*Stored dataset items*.
________________________
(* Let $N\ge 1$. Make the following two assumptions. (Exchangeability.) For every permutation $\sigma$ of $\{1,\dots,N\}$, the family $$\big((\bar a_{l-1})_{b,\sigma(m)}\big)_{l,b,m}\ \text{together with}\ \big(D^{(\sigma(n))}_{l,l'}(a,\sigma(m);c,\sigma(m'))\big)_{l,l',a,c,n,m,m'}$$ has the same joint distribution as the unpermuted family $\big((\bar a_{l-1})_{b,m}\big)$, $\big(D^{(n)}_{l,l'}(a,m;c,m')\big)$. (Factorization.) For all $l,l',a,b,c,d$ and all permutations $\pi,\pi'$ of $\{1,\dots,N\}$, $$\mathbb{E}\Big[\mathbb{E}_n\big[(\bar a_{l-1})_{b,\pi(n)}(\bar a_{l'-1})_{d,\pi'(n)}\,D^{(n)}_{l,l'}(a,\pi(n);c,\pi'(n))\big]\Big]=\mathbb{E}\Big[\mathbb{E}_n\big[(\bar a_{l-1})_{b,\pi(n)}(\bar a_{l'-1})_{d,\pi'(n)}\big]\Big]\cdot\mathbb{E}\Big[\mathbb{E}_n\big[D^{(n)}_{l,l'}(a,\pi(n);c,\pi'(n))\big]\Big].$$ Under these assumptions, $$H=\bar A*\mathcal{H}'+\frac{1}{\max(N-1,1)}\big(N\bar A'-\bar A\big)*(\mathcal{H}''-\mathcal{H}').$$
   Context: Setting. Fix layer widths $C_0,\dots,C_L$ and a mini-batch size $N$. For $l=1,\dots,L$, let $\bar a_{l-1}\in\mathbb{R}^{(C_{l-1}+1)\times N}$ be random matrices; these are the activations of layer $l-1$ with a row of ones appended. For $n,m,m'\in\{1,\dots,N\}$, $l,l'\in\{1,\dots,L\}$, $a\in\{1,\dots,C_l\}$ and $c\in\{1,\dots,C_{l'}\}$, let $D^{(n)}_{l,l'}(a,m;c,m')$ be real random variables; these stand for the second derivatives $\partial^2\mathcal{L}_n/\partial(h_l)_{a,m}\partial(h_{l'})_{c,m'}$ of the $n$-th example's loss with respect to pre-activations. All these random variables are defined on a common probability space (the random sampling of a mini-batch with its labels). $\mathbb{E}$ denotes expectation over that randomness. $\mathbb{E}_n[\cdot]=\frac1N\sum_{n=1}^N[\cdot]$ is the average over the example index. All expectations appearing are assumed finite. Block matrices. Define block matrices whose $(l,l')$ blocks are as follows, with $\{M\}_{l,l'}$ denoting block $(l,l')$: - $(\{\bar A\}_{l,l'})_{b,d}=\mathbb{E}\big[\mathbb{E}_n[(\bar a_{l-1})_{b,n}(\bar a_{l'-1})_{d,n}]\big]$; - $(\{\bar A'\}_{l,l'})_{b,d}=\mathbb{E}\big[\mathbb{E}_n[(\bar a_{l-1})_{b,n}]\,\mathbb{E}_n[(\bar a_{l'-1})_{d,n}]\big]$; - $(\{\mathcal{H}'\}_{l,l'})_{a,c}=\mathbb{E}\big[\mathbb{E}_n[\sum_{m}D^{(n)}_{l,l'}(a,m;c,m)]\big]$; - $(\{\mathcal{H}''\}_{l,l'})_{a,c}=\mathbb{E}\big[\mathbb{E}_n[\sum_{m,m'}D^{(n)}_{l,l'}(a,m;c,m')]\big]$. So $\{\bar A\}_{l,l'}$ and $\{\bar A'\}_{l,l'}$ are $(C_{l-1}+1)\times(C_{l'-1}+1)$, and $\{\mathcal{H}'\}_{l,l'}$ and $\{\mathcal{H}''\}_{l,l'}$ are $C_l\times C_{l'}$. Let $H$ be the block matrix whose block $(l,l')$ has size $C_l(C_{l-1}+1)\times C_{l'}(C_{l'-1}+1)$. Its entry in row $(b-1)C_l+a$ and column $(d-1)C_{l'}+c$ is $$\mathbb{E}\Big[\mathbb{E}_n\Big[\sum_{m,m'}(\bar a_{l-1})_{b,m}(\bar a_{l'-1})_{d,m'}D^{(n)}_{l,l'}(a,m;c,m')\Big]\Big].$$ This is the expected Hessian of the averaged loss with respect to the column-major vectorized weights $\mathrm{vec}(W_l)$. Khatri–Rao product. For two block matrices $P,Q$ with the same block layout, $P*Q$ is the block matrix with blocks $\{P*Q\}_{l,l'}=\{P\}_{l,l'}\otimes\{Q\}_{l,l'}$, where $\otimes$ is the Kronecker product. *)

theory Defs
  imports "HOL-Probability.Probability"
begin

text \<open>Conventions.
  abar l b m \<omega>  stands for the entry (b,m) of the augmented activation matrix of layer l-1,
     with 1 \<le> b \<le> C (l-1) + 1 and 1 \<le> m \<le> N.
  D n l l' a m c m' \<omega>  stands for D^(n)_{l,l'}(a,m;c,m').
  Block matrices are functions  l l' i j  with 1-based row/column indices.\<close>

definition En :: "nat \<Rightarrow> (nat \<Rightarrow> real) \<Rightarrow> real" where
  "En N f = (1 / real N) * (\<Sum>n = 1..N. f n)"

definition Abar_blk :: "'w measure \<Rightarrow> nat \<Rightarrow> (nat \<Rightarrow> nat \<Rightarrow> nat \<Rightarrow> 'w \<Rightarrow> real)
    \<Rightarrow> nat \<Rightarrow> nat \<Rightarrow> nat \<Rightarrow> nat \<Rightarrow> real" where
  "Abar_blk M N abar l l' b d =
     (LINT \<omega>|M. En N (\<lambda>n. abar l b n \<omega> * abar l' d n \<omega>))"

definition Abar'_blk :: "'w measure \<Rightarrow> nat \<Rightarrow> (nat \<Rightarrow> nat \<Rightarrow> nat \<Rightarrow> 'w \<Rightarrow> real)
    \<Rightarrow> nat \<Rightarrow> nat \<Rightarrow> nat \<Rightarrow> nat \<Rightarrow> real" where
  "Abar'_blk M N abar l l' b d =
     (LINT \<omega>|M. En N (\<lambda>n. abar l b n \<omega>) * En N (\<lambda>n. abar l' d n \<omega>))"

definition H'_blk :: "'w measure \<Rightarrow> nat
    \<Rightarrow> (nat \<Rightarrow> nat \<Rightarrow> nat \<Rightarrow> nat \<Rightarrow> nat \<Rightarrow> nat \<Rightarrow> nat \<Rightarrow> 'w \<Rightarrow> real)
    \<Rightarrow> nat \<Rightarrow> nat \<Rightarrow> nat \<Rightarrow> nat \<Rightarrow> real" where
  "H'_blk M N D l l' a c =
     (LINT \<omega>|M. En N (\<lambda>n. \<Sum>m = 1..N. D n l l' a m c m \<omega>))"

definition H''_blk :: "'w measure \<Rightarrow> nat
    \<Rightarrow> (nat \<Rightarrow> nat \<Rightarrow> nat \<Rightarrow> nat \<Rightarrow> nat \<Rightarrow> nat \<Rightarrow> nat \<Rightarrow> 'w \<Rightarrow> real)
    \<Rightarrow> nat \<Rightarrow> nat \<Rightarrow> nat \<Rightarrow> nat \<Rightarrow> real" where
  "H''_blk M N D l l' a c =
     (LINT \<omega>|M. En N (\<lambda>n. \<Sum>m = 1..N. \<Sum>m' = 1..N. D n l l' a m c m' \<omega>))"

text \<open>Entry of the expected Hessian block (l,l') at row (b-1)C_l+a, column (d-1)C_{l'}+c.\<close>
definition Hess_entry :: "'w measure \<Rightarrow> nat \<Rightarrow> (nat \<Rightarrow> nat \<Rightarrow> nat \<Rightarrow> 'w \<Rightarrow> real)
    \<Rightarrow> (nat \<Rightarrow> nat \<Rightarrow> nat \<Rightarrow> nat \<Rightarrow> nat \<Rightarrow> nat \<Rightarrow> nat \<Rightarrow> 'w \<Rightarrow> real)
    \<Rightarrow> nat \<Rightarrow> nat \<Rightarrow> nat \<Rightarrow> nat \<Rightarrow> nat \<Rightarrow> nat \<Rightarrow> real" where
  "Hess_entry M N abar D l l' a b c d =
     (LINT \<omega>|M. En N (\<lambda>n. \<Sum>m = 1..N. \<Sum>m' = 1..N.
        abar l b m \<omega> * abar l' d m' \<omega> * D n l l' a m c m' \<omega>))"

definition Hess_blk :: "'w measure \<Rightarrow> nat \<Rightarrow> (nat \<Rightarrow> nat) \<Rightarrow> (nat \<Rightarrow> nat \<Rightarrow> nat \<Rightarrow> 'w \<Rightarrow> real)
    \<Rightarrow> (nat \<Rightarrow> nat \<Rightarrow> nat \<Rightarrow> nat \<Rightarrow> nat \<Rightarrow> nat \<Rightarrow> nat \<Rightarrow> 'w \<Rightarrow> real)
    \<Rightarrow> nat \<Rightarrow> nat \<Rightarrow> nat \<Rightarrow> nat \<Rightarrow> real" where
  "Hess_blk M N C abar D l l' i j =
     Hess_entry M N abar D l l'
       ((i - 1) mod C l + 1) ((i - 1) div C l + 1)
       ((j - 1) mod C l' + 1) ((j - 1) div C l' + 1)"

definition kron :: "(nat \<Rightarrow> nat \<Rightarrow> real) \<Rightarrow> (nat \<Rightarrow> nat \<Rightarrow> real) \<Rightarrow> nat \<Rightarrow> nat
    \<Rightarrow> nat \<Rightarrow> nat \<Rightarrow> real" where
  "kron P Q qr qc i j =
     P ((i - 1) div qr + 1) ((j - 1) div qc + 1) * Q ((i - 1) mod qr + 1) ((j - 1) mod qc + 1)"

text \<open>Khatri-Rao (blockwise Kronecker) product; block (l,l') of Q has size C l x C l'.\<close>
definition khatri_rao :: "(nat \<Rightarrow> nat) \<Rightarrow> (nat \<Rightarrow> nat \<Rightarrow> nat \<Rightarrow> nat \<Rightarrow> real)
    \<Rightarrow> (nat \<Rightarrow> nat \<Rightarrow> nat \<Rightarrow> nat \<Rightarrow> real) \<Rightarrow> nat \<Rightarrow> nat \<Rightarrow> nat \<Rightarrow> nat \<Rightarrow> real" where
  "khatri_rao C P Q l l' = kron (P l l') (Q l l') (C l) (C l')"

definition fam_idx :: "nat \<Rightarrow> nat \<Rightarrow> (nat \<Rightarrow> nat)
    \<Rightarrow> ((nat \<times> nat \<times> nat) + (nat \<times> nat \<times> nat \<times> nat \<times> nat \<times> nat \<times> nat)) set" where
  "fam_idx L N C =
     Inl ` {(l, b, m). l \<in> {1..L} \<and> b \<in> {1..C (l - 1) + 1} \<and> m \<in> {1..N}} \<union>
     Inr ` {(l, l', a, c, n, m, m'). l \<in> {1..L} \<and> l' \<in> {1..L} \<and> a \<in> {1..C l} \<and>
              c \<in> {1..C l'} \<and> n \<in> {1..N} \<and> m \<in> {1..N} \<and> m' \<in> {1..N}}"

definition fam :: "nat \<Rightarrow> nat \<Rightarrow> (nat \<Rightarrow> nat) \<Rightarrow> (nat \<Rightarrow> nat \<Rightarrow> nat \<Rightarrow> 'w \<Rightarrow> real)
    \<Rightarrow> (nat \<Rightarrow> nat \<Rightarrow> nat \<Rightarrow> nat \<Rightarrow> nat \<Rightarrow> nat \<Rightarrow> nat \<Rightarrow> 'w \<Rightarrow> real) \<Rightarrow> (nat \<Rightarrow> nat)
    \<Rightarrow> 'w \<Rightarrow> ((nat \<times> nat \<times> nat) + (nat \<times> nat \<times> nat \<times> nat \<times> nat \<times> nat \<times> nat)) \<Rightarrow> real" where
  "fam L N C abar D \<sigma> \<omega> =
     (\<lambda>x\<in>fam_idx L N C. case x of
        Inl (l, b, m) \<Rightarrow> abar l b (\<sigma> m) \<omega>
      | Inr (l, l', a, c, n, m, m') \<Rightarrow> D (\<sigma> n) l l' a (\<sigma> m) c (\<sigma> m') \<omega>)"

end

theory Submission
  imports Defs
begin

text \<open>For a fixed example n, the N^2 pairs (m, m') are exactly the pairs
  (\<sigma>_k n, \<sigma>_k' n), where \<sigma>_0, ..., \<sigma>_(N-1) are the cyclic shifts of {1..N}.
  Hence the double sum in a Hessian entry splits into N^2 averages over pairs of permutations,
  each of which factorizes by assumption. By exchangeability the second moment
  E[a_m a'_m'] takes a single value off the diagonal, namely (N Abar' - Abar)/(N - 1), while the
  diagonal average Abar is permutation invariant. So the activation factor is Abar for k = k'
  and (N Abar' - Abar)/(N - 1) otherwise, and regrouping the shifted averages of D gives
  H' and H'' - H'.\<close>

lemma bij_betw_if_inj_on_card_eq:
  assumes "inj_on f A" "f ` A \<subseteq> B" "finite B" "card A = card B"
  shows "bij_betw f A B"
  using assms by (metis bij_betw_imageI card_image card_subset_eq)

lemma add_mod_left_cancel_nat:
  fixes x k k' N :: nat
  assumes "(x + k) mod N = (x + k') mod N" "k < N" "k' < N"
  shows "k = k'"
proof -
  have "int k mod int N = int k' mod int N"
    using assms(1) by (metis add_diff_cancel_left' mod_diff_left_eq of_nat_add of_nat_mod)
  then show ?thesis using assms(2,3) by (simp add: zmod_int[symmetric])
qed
________________________
*Task instructions*. In the data above, find each line where the string "lemma" appears, then copy it.

*Output for this task*.
lemma bij_betw_if_inj_on_card_eq:
lemma add_mod_left_cancel_nat:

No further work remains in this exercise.